Scan the records for the string "unfolding", then copy each line that has it.

··· Data under study

lemma maximal_hom_graph_Domain:
  fixes G :: "('a::field \<times> 'a) set"
  assumes G: "hom_graph G" and max: "\<And>H. hom_graph H \<Longrightarrow> G \<subseteq> H \<Longrightarrow> H = G"
    and alg: "\<And>a. algebraic_over (Domain G) a"
    and closed: "\<And>p::'a poly. degree p \<ge> 1 \<Longrightarrow> \<exists>x. poly p x = 0"
  shows "Domain G = UNIV"
proof (rule ccontr)
  obtain D g where g: "hom_on D g" and G_eq: "G = graph_on D g"
    using hom_graph_imp_graph_on[OF G] by blast
  have D: "subfield D" and alg_D: "\<And>a. algebraic_over D a"
    using hom_graphD(2)[OF G] alg by (simp_all add: G_eq)
  assume "Domain G \<noteq> UNIV"
  then obtain z where "z \<notin> D"
    by (auto simp: G_eq)
  obtain p where p: "is_minpoly D z p"
    using minpoly_exists[OF D alg_D] by blast
  have "coeff (map_poly g p) (degree p) = 1"
    using p hom_on_0[OF D g] hom_onD(1)[OF g] by (simp add: coeff_map_poly is_minpoly_def)
  then have "degree (map_poly g p) \<ge> 1"
    using minpoly_degree_pos[OF p] le_degree[of "map_poly g p" "degree p"] by simp
  then obtain w where "poly (map_poly g p) w = 0"
    using closed by blast
  then obtain g' where g': "hom_on (adjoin D z) g'" "\<forall>a\<in>D. g' a = g a"
    using hom_on_extend_adjoin[OF D g p] by blast
  have D_sub: "D \<subseteq> adjoin D z"
    using subset_adjoin subfieldD(1)[OF D] by blast
  have "subfield (adjoin D z)"
    using subfield_if_algebraic[OF D subring_adjoin[OF subfield_imp_subring[OF D]] D_sub]
      algebraic_over_mono[OF alg_D] by blast
  then have "hom_graph (graph_on (adjoin D z) g')"
    using g'(1) by (rule hom_graph_graph_on)
  moreover have "G \<subseteq> graph_on (adjoin D z) g'"
    using D_sub g'(2) by (simp add: G_eq graph_on_subset_iff)
  ultimately have "graph_on (adjoin D z) g' = G"
    by (rule max)
  then have "adjoin D z = D"
    using Domain_graph_on G_eq by metis
  then show False
    using mem_adjoin[OF subfield_imp_subring[OF D]] \<open>z \<notin> D\<close> by blast
qed

lemma hom_on_extend_UNIV:
  fixes R :: "'a::field set"
  assumes R: "subfield R" and f: "hom_on R f"
    and alg: "\<And>a. algebraic_over R a"
    and closed: "\<And>p::'a poly. degree p \<ge> 1 \<Longrightarrow> \<exists>x. poly p x = 0"
  shows "\<exists>g. hom_on UNIV g \<and> (\<forall>a\<in>R. g a = f a)"
proof -
  obtain G where G: "hom_graph G" "graph_on R f \<subseteq> G"
    and max: "\<And>H. hom_graph H \<Longrightarrow> G \<subseteq> H \<Longrightarrow> H = G"
    using maximal_hom_graph_exists[OF R f] by blast
  obtain D g where g: "hom_on D g" and G_eq: "G = graph_on D g"
    using hom_graph_imp_graph_on[OF G(1)] by blast
  have R_D: "R \<subseteq> D" and g_f: "\<forall>a\<in>R. g a = f a"
    using G(2) by (simp_all add: G_eq graph_on_subset_iff)
  have "Domain G = UNIV"
  proof (rule maximal_hom_graph_Domain[OF G(1) max _ closed])
    show "algebraic_over (Domain G) a" for a
      using algebraic_over_mono[OF alg R_D] by (simp add: G_eq)
  qed
  then have "D = UNIV"
    by (simp add: G_eq)
  then show ?thesis
    using g g_f by blast
qed

lemma exists_hom_fixing_sending:
  fixes C :: "'a::field set"
  assumes C: "subfield C" and alg: "\<And>a. algebraic_over C a"
    and closed: "\<And>q::'a poly. degree q \<ge> 1 \<Longrightarrow> \<exists>y. poly q y = 0"
    and p: "is_minpoly C x p" and y: "poly p y = 0"
  shows "\<exists>g. hom_on UNIV g \<and> (\<forall>c\<in>C. g c = c) \<and> g x = y"
proof -
  have "hom_on C id"
    by (simp add: hom_on_def)
  moreover have "poly (map_poly id p) y = 0"
    using y by simp
  ultimately obtain f where f: "hom_on (adjoin C x) f" "\<forall>c\<in>C. f c = c" "f x = y"
    using hom_on_extend_adjoin[OF C _ p, of id y] by auto
  have C_sub: "C \<subseteq> adjoin C x"
    using subset_adjoin subfieldD(1)[OF C] by blast
  have "subfield (adjoin C x)"
    using subfield_if_algebraic[OF C subring_adjoin[OF subfield_imp_subring[OF C]] C_sub] alg
    by blast
  then obtain g where g: "hom_on UNIV g" "\<forall>a\<in>adjoin C x. g a = f a"
    using hom_on_extend_UNIV[OF _ f(1) _ closed] algebraic_over_mono[OF alg C_sub] by blast
  have "\<forall>c\<in>C. g c = c"
    using g(2) f(2) C_sub by auto
  moreover have "g x = y"
    using g(2) f(3) mem_adjoin[OF subfield_imp_subring[OF C]] by simp
  ultimately show ?thesis
    using g(1) by blast
qed

section \<open>Endomorphisms of the closure and Galois extensions\<close>

lemma hom_on_UNIV_inj: "hom_on UNIV f \<Longrightarrow> inj f"
  by (rule injI) (metis hom_on_diff[OF subfield_UNIV] hom_on_eq_0_iff[OF subfield_UNIV] UNIV_I
      right_minus_eq)

lemma hom_on_UNIV_comp: "hom_on UNIV f \<Longrightarrow> hom_on UNIV g \<Longrightarrow> hom_on UNIV (f \<circ> g)"
  by (simp add: hom_on_def)

lemma
  assumes "hom_on UNIV f" "subfield L"
  shows subfield_image_hom: "subfield (f ` L)"
    and subfield_vimage_hom: "subfield (f -` L)"
proof -
  note f = hom_onD[OF assms(1)] hom_on_0[OF subfield_UNIV assms(1)]
    hom_on_uminus[OF subfield_UNIV assms(1)] hom_on_inverse[OF subfield_UNIV assms(1)]
  note L = subfieldD[OF assms(2)]
  show "subfield (f -` L)"
    unfolding subfield_def
  proof (intro conjI ballI impI)
    show "0 \<in> f -` L" "1 \<in> f -` L"
      using f L by simp_all
    fix x y
    assume "x \<in> f -` L" "y \<in> f -` L"
    then show "x + y \<in> f -` L" "x * y \<in> f -` L" "- x \<in> f -` L" "inverse x \<in> f -` L"
      using f L by simp_all
  qed
  show "subfield (f ` L)"
    unfolding subfield_def
  proof (intro conjI ballI impI)
    show "0 \<in> f ` L" "1 \<in> f ` L"
      using image_eqI[of 0 f 0 L] image_eqI[of 1 f 1 L] f L by simp_all
    fix x y
    assume "x \<in> f ` L" "y \<in> f ` L"
    then obtain a b where ab: "a \<in> L" "b \<in> L" "x = f a" "y = f b"
      by blast
    show "x + y \<in> f ` L"
      using image_eqI[of _ f "a + b"] ab f L by simp
    show "x * y \<in> f ` L"
      using image_eqI[of _ f "a * b"] ab f L by simp
    show "- x \<in> f ` L"
      using image_eqI[of _ f "- a"] ab f L by simp
    show "inverse x \<in> f ` L"
      using image_eqI[of _ f "inverse a"] ab f L by simp
  qed
qed

lemma hom_fixing_maps_root:
  assumes "hom_on UNIV f" "\<forall>k\<in>K. f k = k" "poly_over K p" "poly p z = 0"
  shows "poly p (f z) = 0"
proof -
  have "poly p (f z) = f (poly p z)"
    using poly_map_poly_hom_on[OF subfield_UNIV assms(1) poly_over_mono[OF assms(3)]]
      map_poly_fixing[OF assms(2,3)] by simp
  then show ?thesis
    using assms(4) hom_on_0[OF subfield_UNIV assms(1)] by simp
qed

lemma poly_prod_linear: "poly (\<Prod>r\<leftarrow>rs. [:- r, 1:]) (a::'a::field) = (\<Prod>r\<leftarrow>rs. a - r)"
  by (simp add: poly_prod_list[simplified] o_def)

lemma splits_in_root_mem:
  assumes "splits_in N p" "p \<noteq> 0" "poly p a = 0"
  shows "a \<in> N"
proof -
  obtain c rs where "set rs \<subseteq> N" "p = smult c (\<Prod>r\<leftarrow>rs. [:- r, 1:])"
    using assms(1) by (auto simp: splits_in_def)
  then show ?thesis
    using assms(2,3) by (auto simp: poly_prod_linear prod_list_zero_iff)
qed

lemma hom_image_galois_ext:
  assumes N: "galois_ext K N" and f: "hom_on UNIV f" "\<forall>k\<in>K. f k = k"
  shows "f ` N = N"
proof -
  have minpoly: "\<exists>P. is_minpoly K z P" if "z \<in> N" for z
    using N that by (intro minpoly_exists) (auto simp: galois_ext_def)
  have into: "f z \<in> N" if z: "z \<in> N" for z
  proof -
    obtain P where P: "is_minpoly K z P"
      using minpoly z by blast
    then have "splits_in N P"
      using N z minpoly_irreducible[OF P] by (auto simp: galois_ext_def normal_ext_def is_minpoly_def)
    moreover have "poly P (f z) = 0"
      using hom_fixing_maps_root[OF f] P by (simp add: is_minpoly_def)
    ultimately show ?thesis
      using splits_in_root_mem minpoly_nonzero[OF P] by blast
  qed
  \<comment> \<open>f permutes the finitely many roots in N of the minimal polynomial of z\<close>
  have "z \<in> f ` N" if z: "z \<in> N" for z
  proof -
    obtain P where P: "is_minpoly K z P"
      using minpoly z by blast
    define S where "S = {r \<in> N. poly P r = 0}"
    have "finite S"
      unfolding S_def using poly_roots_finite[OF minpoly_nonzero[OF P]] by simp
    moreover have "f ` S \<subseteq> S"
      unfolding S_def using into hom_fixing_maps_root[OF f] P by (auto simp: is_minpoly_def)
    moreover have "inj_on f S"
      using hom_on_UNIV_inj[OF f(1)] by (simp add: inj_on_def inj_def)
    ultimately have "f ` S = S"
      by (rule endo_inj_surj)
    moreover have "z \<in> S"
      using z P by (simp add: S_def is_minpoly_def)
    ultimately show ?thesis
      unfolding S_def by blast
  qed
  then show ?thesis
    using into by blast
qed

lemma gal_aut_compositum:
  assumes N: "\<And>j. j \<in> J \<Longrightarrow> galois_ext K (N j)" and f: "hom_on UNIV f" "\<forall>k\<in>K. f k = k"
  shows "gal_aut K (compositum K (N ` J)) f"
proof -
  define L where "L = compositum K (N ` J)"
  have L: "subfield L" "K \<subseteq> L" "\<And>j. j \<in> J \<Longrightarrow> N j \<subseteq> L"
    unfolding L_def
    by (rule subfield_compositum, rule subset_compositum(1), rule subset_compositum(2), rule imageI)
  have least: "L \<subseteq> F" if "subfield F" "K \<subseteq> F" "\<And>j. j \<in> J \<Longrightarrow> N j \<subseteq> F" for F
    using compositum_least[OF that(1,2), of "N ` J"] that(3) unfolding L_def by blast
  have image: "f ` N j = N j" if "j \<in> J" for j
    using hom_image_galois_ext[OF N[OF that] f] .
  have "L \<subseteq> f -` L"
  proof (rule least)
    show "subfield (f -` L)"
      by (rule subfield_vimage_hom[OF f(1) L(1)])
    show "K \<subseteq> f -` L"
      using L(2) f(2) by auto
    show "N j \<subseteq> f -` L" if "j \<in> J" for j
      using L(3)[OF that] image[OF that] by blast
  qed
  moreover have "L \<subseteq> f ` L"
  proof (rule least)
    show "subfield (f ` L)"
      by (rule subfield_image_hom[OF f(1) L(1)])
    show "K \<subseteq> f ` L"
      using L(2) f(2) by (auto intro: rev_image_eqI)
    show "N j \<subseteq> f ` L" if "j \<in> J" for j
      using image_mono[OF L(3)[OF that], of f] image[OF that] by blast
  qed
  ultimately have "f ` L = L"
    by blast
  then have "bij_betw f L L"
    using inj_on_subset[OF hom_on_UNIV_inj[OF f(1)]] by (simp add: bij_betw_def)
  then show ?thesis
    using hom_onD(2,3)[OF f(1)] f(2) unfolding gal_aut_def L_def[symmetric] by blast
qed

lemma exists_hom_fixing_moving:
  fixes K :: "'a::field set"
  assumes cl: "algebraic_closure_of K" and N: "galois_ext K N"
    and C: "subfield C" "K \<subseteq> C" and x: "x \<in> N" "x \<notin> C"
  shows "\<exists>f. hom_on UNIV f \<and> (\<forall>c\<in>C. f c = c) \<and> f x \<noteq> x"
proof -
  have K: "subfield K" and alg: "\<And>a. algebraic_over K a"
    and closed: "\<And>p::'a poly. degree p \<ge> 1 \<Longrightarrow> \<exists>x. poly p x = 0"
    using cl by (simp_all add: algebraic_closure_of_def)
  have algC: "\<And>a. algebraic_over C a"
    using alg C(2) by (rule algebraic_over_mono)
  obtain P where P: "is_minpoly K x P"
    using minpoly_exists[OF K alg] by blast
  have sep: "coprime P (pderiv P)"
    using N x(1) minpoly_irreducible[OF P] P
    by (auto simp: galois_ext_def separable_ext_def is_minpoly_def)
  obtain p where p: "is_minpoly C x p"
    using minpoly_exists[OF C(1) algC] by blast
  have "poly_over C P"
    using P C(2) by (auto simp: is_minpoly_def intro: poly_over_mono)
  then obtain s where "P = p * s"
    using minpoly_dvd[OF subfield_imp_subring[OF C(1)] p] P by (auto simp: is_minpoly_def)
  then have "p dvd P"
    by (rule dvdI)
  then obtain y where y: "poly p y = 0" "y \<noteq> x"
    using minpoly_other_root[OF subfield_imp_subring[OF C(1)] p x(2) _ sep closed] by blast
  obtain g where "hom_on UNIV g" "\<forall>c\<in>C. g c = c" "g x = y"
    using exists_hom_fixing_sending[OF C(1) algC closed p y(1)] by blast
  then show ?thesis
    using y(2) by blast
qed

lemma exists_hom_agreeing_moving:
  fixes K :: "'a::field set"
  assumes cl: "algebraic_closure_of K" and N: "galois_ext K N"
    and C: "subfield C" "K \<subseteq> C" "\<not> N \<subseteq> C"
    and \<sigma>: "hom_on UNIV \<sigma>" "\<forall>k\<in>K. \<sigma> k = k"
  shows "\<exists>\<tau>. hom_on UNIV \<tau> \<and> (\<forall>k\<in>K. \<tau> k = k) \<and> (\<forall>c\<in>C. \<tau> c = \<sigma> c) \<and> (\<exists>y\<in>N. \<tau> y \<noteq> y)"
proof (cases "\<exists>y\<in>N. \<sigma> y \<noteq> y")
  case True
  then show ?thesis
    using \<sigma> by blast
next
  case False
  obtain y where y: "y \<in> N" "y \<notin> C"
    using C(3) by blast
  obtain \<psi> where \<psi>: "hom_on UNIV \<psi>" "\<forall>c\<in>C. \<psi> c = c" "\<psi> y \<noteq> y"
    using exists_hom_fixing_moving[OF cl N C(1,2) y] by blast
  have "\<psi> y \<in> N"
    using hom_image_galois_ext[OF N \<psi>(1)] \<psi>(2) C(2) y(1) by blast
  then have "(\<sigma> \<circ> \<psi>) y \<noteq> y"
    using False \<psi>(3) by simp
  moreover have "\<forall>c\<in>C. (\<sigma> \<circ> \<psi>) c = \<sigma> c" "\<forall>k\<in>K. (\<sigma> \<circ> \<psi>) k = k"
    using \<psi>(2) \<sigma>(2) C(2) by auto
  ultimately show ?thesis
    using hom_on_UNIV_comp[OF \<sigma>(1) \<psi>(1)] y(1) by blast
qed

······

> Response area:
    unfolding subfield_def
    unfolding subfield_def
      unfolding S_def using poly_roots_finite[OF minpoly_nonzero[OF P]] by simp
      unfolding S_def using into hom_fixing_maps_root[OF f] P by (auto simp: is_minpoly_def)
      unfolding S_def by blast
    unfolding L_def
    using compositum_least[OF that(1,2), of "N ` J"] that(3) unfolding L_def by blast
    using hom_onD(2,3)[OF f(1)] f(2) unfolding gal_aut_def L_def[symmetric] by blast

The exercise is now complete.